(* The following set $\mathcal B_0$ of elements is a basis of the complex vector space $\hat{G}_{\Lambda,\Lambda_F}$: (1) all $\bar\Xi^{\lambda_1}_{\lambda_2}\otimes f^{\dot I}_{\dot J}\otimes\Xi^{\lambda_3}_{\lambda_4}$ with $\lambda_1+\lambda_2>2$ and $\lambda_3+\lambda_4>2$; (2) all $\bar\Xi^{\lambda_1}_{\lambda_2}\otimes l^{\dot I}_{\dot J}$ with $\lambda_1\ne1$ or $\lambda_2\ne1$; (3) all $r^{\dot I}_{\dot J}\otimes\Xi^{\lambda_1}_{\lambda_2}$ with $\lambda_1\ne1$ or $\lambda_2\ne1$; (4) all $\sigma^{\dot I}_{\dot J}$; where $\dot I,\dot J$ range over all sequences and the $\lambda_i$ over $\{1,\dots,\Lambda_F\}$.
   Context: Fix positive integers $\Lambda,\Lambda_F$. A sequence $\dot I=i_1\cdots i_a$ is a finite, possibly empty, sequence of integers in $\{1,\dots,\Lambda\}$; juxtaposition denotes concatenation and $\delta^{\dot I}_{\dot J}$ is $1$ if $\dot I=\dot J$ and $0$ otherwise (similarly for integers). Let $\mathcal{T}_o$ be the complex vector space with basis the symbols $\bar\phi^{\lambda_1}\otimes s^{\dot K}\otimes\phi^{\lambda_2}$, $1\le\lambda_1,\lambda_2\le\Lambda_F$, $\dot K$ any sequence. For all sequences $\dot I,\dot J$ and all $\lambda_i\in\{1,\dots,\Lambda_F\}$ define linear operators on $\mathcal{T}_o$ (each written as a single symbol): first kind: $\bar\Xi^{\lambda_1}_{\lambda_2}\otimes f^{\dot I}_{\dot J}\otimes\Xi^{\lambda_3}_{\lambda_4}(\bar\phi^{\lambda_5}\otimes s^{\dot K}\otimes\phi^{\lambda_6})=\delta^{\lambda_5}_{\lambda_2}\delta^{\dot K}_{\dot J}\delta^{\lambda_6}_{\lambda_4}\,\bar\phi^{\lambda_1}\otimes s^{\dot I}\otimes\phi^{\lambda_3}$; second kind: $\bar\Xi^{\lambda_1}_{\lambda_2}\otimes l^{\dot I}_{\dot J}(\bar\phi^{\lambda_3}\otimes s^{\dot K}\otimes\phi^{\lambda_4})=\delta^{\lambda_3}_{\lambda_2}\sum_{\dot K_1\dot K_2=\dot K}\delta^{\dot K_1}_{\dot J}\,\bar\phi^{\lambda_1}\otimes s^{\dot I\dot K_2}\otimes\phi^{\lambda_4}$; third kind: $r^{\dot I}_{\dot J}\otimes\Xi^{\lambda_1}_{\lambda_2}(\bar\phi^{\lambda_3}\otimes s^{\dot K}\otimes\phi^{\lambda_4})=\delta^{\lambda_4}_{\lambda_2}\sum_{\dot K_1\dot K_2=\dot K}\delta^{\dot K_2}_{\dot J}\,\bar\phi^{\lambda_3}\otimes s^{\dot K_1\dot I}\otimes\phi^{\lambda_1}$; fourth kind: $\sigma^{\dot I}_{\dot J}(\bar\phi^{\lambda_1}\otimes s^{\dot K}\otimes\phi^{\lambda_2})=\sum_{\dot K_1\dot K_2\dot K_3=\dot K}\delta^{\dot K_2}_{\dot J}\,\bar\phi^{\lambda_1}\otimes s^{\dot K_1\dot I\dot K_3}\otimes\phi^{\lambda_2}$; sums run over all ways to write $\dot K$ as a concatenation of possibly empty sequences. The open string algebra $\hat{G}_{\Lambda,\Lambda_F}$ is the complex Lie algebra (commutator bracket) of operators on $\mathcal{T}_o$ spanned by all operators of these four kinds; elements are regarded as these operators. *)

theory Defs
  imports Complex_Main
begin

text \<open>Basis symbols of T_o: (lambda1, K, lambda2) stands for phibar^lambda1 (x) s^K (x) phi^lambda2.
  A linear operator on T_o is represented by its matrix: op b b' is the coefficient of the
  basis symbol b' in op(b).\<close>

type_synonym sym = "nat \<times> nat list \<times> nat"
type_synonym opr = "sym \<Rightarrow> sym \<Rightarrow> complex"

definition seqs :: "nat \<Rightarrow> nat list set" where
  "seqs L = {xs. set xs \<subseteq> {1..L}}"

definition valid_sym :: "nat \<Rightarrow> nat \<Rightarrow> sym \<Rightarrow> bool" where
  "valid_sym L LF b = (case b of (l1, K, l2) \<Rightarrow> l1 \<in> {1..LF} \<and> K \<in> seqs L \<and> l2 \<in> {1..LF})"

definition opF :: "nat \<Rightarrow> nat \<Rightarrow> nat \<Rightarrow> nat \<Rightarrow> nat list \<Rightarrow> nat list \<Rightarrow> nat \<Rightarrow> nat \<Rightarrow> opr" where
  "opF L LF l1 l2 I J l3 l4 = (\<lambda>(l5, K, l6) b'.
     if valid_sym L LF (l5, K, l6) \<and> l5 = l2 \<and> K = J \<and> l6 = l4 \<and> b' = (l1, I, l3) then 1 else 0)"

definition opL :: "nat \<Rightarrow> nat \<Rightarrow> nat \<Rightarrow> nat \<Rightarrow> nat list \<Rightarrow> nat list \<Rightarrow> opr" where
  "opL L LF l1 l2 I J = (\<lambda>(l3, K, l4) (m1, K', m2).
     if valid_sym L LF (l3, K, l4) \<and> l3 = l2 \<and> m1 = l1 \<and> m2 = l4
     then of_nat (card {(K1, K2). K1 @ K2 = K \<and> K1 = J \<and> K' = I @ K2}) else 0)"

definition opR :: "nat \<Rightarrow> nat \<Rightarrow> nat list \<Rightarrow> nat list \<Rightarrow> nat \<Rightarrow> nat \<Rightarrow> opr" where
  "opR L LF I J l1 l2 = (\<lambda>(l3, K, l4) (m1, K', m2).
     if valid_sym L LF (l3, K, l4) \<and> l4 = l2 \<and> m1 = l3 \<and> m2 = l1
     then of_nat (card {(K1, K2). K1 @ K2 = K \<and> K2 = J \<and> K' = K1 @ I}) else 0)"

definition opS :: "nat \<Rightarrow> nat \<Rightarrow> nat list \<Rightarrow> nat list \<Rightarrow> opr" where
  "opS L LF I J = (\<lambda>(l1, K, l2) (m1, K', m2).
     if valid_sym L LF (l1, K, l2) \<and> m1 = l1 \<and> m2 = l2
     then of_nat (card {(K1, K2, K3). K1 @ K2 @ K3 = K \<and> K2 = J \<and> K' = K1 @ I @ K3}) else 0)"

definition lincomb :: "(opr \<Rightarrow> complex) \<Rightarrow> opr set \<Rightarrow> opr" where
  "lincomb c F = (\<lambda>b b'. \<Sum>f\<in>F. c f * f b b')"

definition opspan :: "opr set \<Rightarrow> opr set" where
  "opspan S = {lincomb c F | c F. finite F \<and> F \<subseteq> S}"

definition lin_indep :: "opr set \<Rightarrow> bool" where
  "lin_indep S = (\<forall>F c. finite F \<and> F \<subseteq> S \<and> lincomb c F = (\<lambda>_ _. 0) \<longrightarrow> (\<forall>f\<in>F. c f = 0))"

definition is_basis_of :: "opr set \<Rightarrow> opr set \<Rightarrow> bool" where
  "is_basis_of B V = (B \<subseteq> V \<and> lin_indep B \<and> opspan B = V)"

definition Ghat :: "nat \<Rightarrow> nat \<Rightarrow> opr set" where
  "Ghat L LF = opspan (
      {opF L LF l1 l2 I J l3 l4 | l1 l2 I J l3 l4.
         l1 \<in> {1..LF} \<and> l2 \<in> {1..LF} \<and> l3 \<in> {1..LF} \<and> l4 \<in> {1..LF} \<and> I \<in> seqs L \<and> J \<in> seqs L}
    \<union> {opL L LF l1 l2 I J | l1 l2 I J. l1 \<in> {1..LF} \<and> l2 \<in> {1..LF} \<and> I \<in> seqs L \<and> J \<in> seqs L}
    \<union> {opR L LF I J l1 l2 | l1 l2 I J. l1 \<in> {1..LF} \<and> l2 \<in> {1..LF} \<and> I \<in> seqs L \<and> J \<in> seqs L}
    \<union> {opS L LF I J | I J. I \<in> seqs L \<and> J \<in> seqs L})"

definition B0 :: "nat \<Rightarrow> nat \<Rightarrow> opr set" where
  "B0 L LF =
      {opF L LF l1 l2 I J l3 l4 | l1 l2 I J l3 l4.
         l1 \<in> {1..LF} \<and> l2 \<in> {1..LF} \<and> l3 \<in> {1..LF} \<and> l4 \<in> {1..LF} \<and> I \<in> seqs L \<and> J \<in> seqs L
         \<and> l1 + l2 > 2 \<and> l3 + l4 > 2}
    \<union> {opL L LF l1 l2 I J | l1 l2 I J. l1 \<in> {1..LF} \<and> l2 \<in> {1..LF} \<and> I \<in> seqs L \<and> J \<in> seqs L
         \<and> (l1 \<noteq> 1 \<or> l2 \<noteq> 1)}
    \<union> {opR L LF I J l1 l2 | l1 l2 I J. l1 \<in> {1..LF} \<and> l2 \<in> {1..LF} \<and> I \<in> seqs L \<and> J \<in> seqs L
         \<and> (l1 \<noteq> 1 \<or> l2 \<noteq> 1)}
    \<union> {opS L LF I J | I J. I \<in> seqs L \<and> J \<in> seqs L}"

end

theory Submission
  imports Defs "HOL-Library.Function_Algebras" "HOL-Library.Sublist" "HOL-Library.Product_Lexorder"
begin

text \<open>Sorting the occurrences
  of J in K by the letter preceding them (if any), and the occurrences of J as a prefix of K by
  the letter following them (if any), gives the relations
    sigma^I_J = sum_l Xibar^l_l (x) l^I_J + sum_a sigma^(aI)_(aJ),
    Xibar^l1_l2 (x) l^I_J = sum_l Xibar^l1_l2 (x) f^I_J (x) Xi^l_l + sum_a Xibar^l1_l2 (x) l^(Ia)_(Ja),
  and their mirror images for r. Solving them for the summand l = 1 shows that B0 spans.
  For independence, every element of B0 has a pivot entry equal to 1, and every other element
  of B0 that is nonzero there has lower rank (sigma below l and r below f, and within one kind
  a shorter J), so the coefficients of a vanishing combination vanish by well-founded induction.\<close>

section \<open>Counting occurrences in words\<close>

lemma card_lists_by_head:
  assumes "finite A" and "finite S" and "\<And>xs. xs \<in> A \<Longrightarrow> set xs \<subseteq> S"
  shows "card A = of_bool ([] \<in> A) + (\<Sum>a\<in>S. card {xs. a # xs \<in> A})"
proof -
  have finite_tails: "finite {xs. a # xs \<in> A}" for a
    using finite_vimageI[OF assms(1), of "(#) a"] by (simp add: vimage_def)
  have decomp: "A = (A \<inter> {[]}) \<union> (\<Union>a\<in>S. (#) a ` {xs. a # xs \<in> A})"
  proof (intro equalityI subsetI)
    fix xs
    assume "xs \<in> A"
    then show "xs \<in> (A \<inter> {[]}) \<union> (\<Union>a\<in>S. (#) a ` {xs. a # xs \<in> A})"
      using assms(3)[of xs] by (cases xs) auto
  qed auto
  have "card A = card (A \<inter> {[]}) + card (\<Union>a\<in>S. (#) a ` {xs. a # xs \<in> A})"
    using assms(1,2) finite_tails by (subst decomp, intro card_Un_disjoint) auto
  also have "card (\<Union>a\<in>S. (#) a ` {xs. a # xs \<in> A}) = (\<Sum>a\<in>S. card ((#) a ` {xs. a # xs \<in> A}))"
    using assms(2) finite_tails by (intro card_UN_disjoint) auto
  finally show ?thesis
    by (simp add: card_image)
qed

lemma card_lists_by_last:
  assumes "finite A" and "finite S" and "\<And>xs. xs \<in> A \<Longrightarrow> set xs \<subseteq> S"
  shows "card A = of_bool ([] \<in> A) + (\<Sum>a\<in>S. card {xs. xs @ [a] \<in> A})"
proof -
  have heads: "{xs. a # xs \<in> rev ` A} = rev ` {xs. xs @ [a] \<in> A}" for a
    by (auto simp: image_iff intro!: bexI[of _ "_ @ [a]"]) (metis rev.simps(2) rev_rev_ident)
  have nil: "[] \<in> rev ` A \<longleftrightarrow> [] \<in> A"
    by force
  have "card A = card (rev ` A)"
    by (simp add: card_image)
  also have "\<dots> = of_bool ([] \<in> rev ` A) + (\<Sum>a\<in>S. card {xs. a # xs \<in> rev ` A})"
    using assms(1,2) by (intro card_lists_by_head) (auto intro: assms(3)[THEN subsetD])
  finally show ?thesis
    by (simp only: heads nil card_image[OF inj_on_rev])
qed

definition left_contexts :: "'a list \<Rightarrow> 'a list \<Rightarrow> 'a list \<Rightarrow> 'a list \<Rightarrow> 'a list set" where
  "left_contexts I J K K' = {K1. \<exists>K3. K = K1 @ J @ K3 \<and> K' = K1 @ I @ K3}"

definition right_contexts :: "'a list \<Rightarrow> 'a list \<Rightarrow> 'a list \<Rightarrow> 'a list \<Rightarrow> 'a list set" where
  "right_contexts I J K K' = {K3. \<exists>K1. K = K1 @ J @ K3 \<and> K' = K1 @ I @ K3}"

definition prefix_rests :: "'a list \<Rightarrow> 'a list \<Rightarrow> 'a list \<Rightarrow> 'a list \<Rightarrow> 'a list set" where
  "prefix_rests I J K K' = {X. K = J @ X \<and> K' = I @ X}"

...

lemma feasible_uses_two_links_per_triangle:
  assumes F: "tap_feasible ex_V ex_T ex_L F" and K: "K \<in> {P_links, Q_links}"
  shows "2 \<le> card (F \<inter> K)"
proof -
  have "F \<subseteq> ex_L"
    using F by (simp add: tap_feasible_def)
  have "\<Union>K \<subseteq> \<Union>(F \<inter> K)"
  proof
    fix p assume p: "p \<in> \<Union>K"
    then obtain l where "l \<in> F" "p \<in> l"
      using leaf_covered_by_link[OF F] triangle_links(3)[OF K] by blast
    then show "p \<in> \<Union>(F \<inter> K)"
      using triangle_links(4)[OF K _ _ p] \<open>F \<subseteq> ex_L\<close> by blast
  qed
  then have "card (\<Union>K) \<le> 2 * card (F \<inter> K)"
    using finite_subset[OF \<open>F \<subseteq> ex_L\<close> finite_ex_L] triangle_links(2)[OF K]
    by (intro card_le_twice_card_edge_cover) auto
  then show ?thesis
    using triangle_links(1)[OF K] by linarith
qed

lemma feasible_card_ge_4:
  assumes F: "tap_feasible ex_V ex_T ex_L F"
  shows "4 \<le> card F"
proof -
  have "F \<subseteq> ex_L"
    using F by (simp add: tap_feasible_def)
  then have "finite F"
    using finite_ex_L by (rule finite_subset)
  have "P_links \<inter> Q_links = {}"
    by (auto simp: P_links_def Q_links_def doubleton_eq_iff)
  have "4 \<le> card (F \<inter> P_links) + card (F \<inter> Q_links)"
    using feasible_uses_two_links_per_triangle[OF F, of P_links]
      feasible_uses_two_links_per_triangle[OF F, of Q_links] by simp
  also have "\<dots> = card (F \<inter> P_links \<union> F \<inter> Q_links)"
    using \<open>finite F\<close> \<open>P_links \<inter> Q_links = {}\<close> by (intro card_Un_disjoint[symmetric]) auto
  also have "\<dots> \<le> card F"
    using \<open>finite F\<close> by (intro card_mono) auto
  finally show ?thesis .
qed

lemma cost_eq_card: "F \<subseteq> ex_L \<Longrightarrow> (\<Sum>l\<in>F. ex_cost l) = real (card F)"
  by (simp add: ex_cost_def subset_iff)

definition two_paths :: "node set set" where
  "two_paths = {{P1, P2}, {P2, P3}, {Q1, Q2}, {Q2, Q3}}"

* * *

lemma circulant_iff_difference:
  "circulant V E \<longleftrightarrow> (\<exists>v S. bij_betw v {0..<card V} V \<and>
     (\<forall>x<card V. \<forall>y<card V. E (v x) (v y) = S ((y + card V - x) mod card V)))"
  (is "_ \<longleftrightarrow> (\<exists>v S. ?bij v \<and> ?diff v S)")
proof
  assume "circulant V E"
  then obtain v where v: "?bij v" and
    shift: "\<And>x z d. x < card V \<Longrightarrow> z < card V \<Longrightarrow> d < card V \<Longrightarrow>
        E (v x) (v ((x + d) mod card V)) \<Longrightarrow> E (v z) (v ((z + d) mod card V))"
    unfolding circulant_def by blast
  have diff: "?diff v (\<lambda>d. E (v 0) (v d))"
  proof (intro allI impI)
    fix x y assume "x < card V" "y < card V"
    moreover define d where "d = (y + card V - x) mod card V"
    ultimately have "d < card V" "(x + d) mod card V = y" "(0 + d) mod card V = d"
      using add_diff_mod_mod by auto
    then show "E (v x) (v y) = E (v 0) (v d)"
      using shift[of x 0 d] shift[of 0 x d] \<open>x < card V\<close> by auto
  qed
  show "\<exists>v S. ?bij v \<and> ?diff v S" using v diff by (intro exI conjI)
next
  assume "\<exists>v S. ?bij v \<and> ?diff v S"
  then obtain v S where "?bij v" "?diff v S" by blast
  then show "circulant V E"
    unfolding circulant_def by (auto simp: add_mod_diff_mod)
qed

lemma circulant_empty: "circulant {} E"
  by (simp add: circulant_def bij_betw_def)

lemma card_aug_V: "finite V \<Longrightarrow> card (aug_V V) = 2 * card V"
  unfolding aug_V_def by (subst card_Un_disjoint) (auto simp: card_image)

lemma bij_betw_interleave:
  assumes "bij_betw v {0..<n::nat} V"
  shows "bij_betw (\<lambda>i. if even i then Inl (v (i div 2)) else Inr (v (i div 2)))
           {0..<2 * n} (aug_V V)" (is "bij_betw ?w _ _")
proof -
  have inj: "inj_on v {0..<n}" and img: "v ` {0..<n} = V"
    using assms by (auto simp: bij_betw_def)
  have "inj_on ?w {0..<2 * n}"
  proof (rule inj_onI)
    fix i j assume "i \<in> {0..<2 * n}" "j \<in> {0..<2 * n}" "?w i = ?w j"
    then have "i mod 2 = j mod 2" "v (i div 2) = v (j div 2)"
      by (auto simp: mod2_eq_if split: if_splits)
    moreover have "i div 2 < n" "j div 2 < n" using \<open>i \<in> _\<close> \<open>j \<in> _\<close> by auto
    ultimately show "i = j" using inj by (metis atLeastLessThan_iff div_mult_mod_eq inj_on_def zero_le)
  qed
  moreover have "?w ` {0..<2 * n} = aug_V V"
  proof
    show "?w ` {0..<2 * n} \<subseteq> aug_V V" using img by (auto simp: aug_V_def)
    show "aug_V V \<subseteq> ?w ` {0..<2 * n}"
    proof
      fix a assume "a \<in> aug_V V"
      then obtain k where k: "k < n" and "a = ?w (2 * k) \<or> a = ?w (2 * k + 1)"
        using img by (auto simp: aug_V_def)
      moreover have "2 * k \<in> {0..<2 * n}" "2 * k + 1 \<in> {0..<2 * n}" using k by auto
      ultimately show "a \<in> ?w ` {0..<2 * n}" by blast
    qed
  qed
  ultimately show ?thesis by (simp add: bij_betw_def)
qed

Action item ▸
Using the entries above, extract exactly the span from the line with "(\<lambda>(l5, K, l6) b'." to the line with "S = (\<forall>F", both lines included; leave out everything else.

Output for this task ▸
  "opF L LF l1 l2 I J l3 l4 = (\<lambda>(l5, K, l6) b'.
     if valid_sym L LF (l5, K, l6) \<and> l5 = l2 \<and> K = J \<and> l6 = l4 \<and> b' = (l1, I, l3) then 1 else 0)"

definition opL :: "nat \<Rightarrow> nat \<Rightarrow> nat \<Rightarrow> nat \<Rightarrow> nat list \<Rightarrow> nat list \<Rightarrow> opr" where
  "opL L LF l1 l2 I J = (\<lambda>(l3, K, l4) (m1, K', m2).
     if valid_sym L LF (l3, K, l4) \<and> l3 = l2 \<and> m1 = l1 \<and> m2 = l4
     then of_nat (card {(K1, K2). K1 @ K2 = K \<and> K1 = J \<and> K' = I @ K2}) else 0)"

definition opR :: "nat \<Rightarrow> nat \<Rightarrow> nat list \<Rightarrow> nat list \<Rightarrow> nat \<Rightarrow> nat \<Rightarrow> opr" where
  "opR L LF I J l1 l2 = (\<lambda>(l3, K, l4) (m1, K', m2).
     if valid_sym L LF (l3, K, l4) \<and> l4 = l2 \<and> m1 = l3 \<and> m2 = l1
     then of_nat (card {(K1, K2). K1 @ K2 = K \<and> K2 = J \<and> K' = K1 @ I}) else 0)"

definition opS :: "nat \<Rightarrow> nat \<Rightarrow> nat list \<Rightarrow> nat list \<Rightarrow> opr" where
  "opS L LF I J = (\<lambda>(l1, K, l2) (m1, K', m2).
     if valid_sym L LF (l1, K, l2) \<and> m1 = l1 \<and> m2 = l2
     then of_nat (card {(K1, K2, K3). K1 @ K2 @ K3 = K \<and> K2 = J \<and> K' = K1 @ I @ K3}) else 0)"

definition lincomb :: "(opr \<Rightarrow> complex) \<Rightarrow> opr set \<Rightarrow> opr" where
  "lincomb c F = (\<lambda>b b'. \<Sum>f\<in>F. c f * f b b')"

definition opspan :: "opr set \<Rightarrow> opr set" where
  "opspan S = {lincomb c F | c F. finite F \<and> F \<subseteq> S}"

definition lin_indep :: "opr set \<Rightarrow> bool" where
  "lin_indep S = (\<forall>F c. finite F \<and> F \<subseteq> S \<and> lincomb c F = (\<lambda>_ _. 0) \<longrightarrow> (\<forall>f\<in>F. c f = 0))"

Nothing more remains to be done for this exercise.